The global pandemic of COVID-19, caused by severe acute respiratory virus 2 (SARS-CoV2), has rekindled interest in the question of asymptomatic PTB transmission. COVID-19 has shown that asymptomatic infection can be important in disease transmission . In our subclinical patients smear-positivity and evidence of cavitation on chest radiograph, known predictors of the infectiousness of PTB, were uncommon [29–31]. However, cavitation and more extensive disease were much more common on CT scan. And others have found that these same features, along with a typical pattern of disease on CT scan, have been associated with smear-positivity [24, 26, 32]. Although most of our patients were smear-negative, we have previously shown that shorter times-to-culture positivity, an indicator of a higher bacillary burden or more metabolically active bacteria [33, 34], and therefore, theoretically, a greater likelihood of transmission, were associated with more extensive disease on chest radiograph . Almost certainly there is a radiologic/mycobacteriologic gradient of transmission risk within subclinical PTB source cases, as is known to be the case in PTB source cases in general. This same gradient may ultimately prove to be useful in determining the duration of treatment necessary to cure subclinical PTB [35, 36].
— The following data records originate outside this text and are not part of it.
lemma subuniverse_vimage_hom:
  fixes A :: "('s, 'a) alg"
  assumes A: "is_alg A" and f: "hom f A B" and C: "subuniverse C B"
  shows "subuniverse {x \<in> fst A. f x \<in> C} A"
  unfolding subuniverse_def
proof (intro conjI allI impI)
  fix s :: "'s osym" and xs
  assume s: "valid_sym s \<and> length xs = arity s \<and> set xs \<subseteq> {x \<in> fst A. f x \<in> C}"
  have "set (map f xs) \<subseteq> C" using s by auto
  then have "snd B s (map f xs) \<in> C" using C s unfolding subuniverse_def by auto
  moreover have "f (snd A s xs) = snd B s (map f xs)" using f s unfolding hom_def by auto
  moreover have "snd A s xs \<in> fst A" using A s unfolding is_alg_def by auto
  ultimately show "snd A s xs \<in> {x \<in> fst A. f x \<in> C}" by simp
qed blast

lemma subuniverse_equalizer_hom:
  fixes A :: "('s, 'a) alg"
  assumes A: "is_alg A" and f: "hom f A B" and g: "hom g A B"
  shows "subuniverse {x \<in> fst A. f x = g x} A"
  unfolding subuniverse_def
proof (intro conjI allI impI)
  fix s :: "'s osym" and xs
  assume s: "valid_sym s \<and> length xs = arity s \<and> set xs \<subseteq> {x \<in> fst A. f x = g x}"
  have "snd A s xs \<in> fst A" using A s unfolding is_alg_def by auto
  moreover have "f (snd A s xs) = snd B s (map f xs)" using f s unfolding hom_def by auto
  moreover have "g (snd A s xs) = snd B s (map g xs)" using g s unfolding hom_def by auto
  moreover have "map f xs = map g xs" using s by auto
  ultimately show "snd A s xs \<in> {x \<in> fst A. f x = g x}" by simp
qed blast

lemma fst_Omega_pow [simp]: "fst (Omega_pow X) = X \<rightarrow>\<^sub>E UNIV"
  unfolding Omega_pow_def by simp

lemma snd_Omega_pow [simp]:
  "snd (Omega_pow X) s hs = (\<lambda>x\<in>X. omega_op s (map (\<lambda>h. h x) hs))"
  unfolding Omega_pow_def by simp

lemma hom_Omega_pow_precomp:
  fixes e :: "'j \<Rightarrow> 'x" and D :: "('x \<Rightarrow> 'a) set"
  assumes "e ` J \<subseteq> X"
  shows "hom (\<lambda>h. \<lambda>j\<in>J. h (e j)) (D, snd (Omega_pow X)) (Omega_pow J)"
  unfolding hom_def snd_conv
proof (intro conjI ballI allI impI)
  fix s :: "'a osym" and hs :: "('x \<Rightarrow> 'a) list"
  show "(\<lambda>j\<in>J. snd (Omega_pow X) s hs (e j)) =
      snd (Omega_pow J) s (map (\<lambda>h. \<lambda>j\<in>J. h (e j)) hs)"
    unfolding snd_Omega_pow
  proof (rule restrict_ext)
    fix j assume "j \<in> J"
    then show "(\<lambda>x\<in>X. omega_op s (map (\<lambda>h. h x) hs)) (e j) =
        omega_op s (map (\<lambda>h. h j) (map (\<lambda>h. \<lambda>j\<in>J. h (e j)) hs))"
      using assms by (simp add: comp_def image_subset_iff)
  qed
qed simp

subsection \<open>The elements of \<open>\<F>(A,I)\<close>\<close>

definition depends_on :: "'i set \<Rightarrow> (('i \<Rightarrow> 'a) \<Rightarrow> 'c) \<Rightarrow> 'i set \<Rightarrow> bool" where
  "depends_on I h K \<longleftrightarrow> (\<forall>f\<in>powA I. \<forall>g\<in>powA I. (\<forall>k\<in>K. f k = g k) \<longrightarrow> h f = h g)"

lemma depends_on_mono: "depends_on I h K \<Longrightarrow> K \<subseteq> K' \<Longrightarrow> depends_on I h K'"
  unfolding depends_on_def by blast

lemma depends_on_Omega_pow_op:
  fixes I :: "'i set" and hs :: "(('i \<Rightarrow> 'a) \<Rightarrow> 'a) list"
  assumes "\<forall>h\<in>set hs. depends_on I h K"
  shows "depends_on I (snd (Omega_pow (powA I)) s hs) K"
  unfolding depends_on_def
proof (intro ballI impI)
  fix f g :: "'i \<Rightarrow> 'a"
  assume f: "f \<in> powA I" and g: "g \<in> powA I" and fg: "\<forall>k\<in>K. f k = g k"
  have "map (\<lambda>h. h f) hs = map (\<lambda>h. h g) hs"
    using assms f g fg unfolding depends_on_def by auto
  then show "snd (Omega_pow (powA I)) s hs f = snd (Omega_pow (powA I)) s hs g"
    using f g by (simp del: map_eq_conv)
qed

lemma is_partition_fiber_partition: "is_partition X (fiber_partition X h)"
  unfolding is_partition_def fiber_partition_def by auto

lemma coarser_proj_partition_iff_depends_on:
  fixes h :: "('i \<Rightarrow> 'a) \<Rightarrow> 'c"
  shows "coarser (proj_partition I is) (fiber_partition (powA I) h) \<longleftrightarrow> depends_on I h (set is)"
proof
  assume coarser: "coarser (proj_partition I is) (fiber_partition (powA I) h)"
  show "depends_on I h (set is)"
    unfolding depends_on_def
  proof (intro ballI impI)
    fix f g :: "'i \<Rightarrow> 'a"
    assume f: "f \<in> powA I" and g: "g \<in> powA I" and fg: "\<forall>k\<in>set is. f k = g k"
    have "{g' \<in> powA I. \<forall>k\<in>set is. g' k = f k} \<in> proj_partition I is"
      using f unfolding proj_partition_def by blast
    then obtain y where y: "{g' \<in> powA I. \<forall>k\<in>set is. g' k = f k} \<subseteq> {x \<in> powA I. h x = h y}"
      using coarser unfolding coarser_def fiber_partition_def by blast
    have "h f = h y" using subsetD[OF y, of f] f by simp
    moreover have "h g = h y" using subsetD[OF y, of g] g fg by simp
    ultimately show "h f = h g" by simp
  qed
next
  assume dep: "depends_on I h (set is)"
  show "coarser (proj_partition I is) (fiber_partition (powA I) h)"
    unfolding coarser_def
  proof
    fix p :: "('i \<Rightarrow> 'a) set" assume "p \<in> proj_partition I is"
    then obtain f where f: "f \<in> powA I" and p: "p = {g \<in> powA I. \<forall>k\<in>set is. g k = f k}"
      unfolding proj_partition_def by blast
    have "p \<subseteq> {x \<in> powA I. h x = h f}"
    proof
      fix x assume "x \<in> p"
      then have x: "x \<in> powA I" "\<forall>k\<in>set is. x k = f k" unfolding p by auto
      then have "h x = h f" using dep f unfolding depends_on_def by blast
      with x show "x \<in> {x \<in> powA I. h x = h f}" by simp
    qed
    moreover have "{x \<in> powA I. h x = h f} \<in> fiber_partition (powA I) h"
      using f unfolding fiber_partition_def by blast
    ultimately show "\<exists>q\<in>fiber_partition (powA I) h. p \<subseteq> q" by blast
  qed
qed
Strengths of our study include the size of the cohort, the quality and completeness of the epidemiologic, radiologic and mycobacteriologic data, and the prospective interpretation of the radiographs and CT scans by multiple highly qualified readers. Limitations include the study’s retrospective design which meant that not all patients underwent a CT scan, though chest radiographic features in those who had or had not been scanned were comparable. The only exception was radiograph category, which likely reflected the greater probability that an atypical pattern would prompt the ordering of a CT scan. Some CT scans (those of the neck) only included the lung apices; scanners and scan parameters varied. Our inter-reader variability analysis, however, suggests that there was little ambiguity about the findings. Finally, though most radiographs and CT scans were performed contemporaneously, this was not always so.
We conclude that when strictly defined, most subclinical PTB patients in Canada have minimal or no lung parenchymal disease on chest radiograph. However, when CT scans are performed in the same patients, the chest radiograph may be shown to significantly under-detect the presence of key features of potential importance to transmission risk and treatment duration.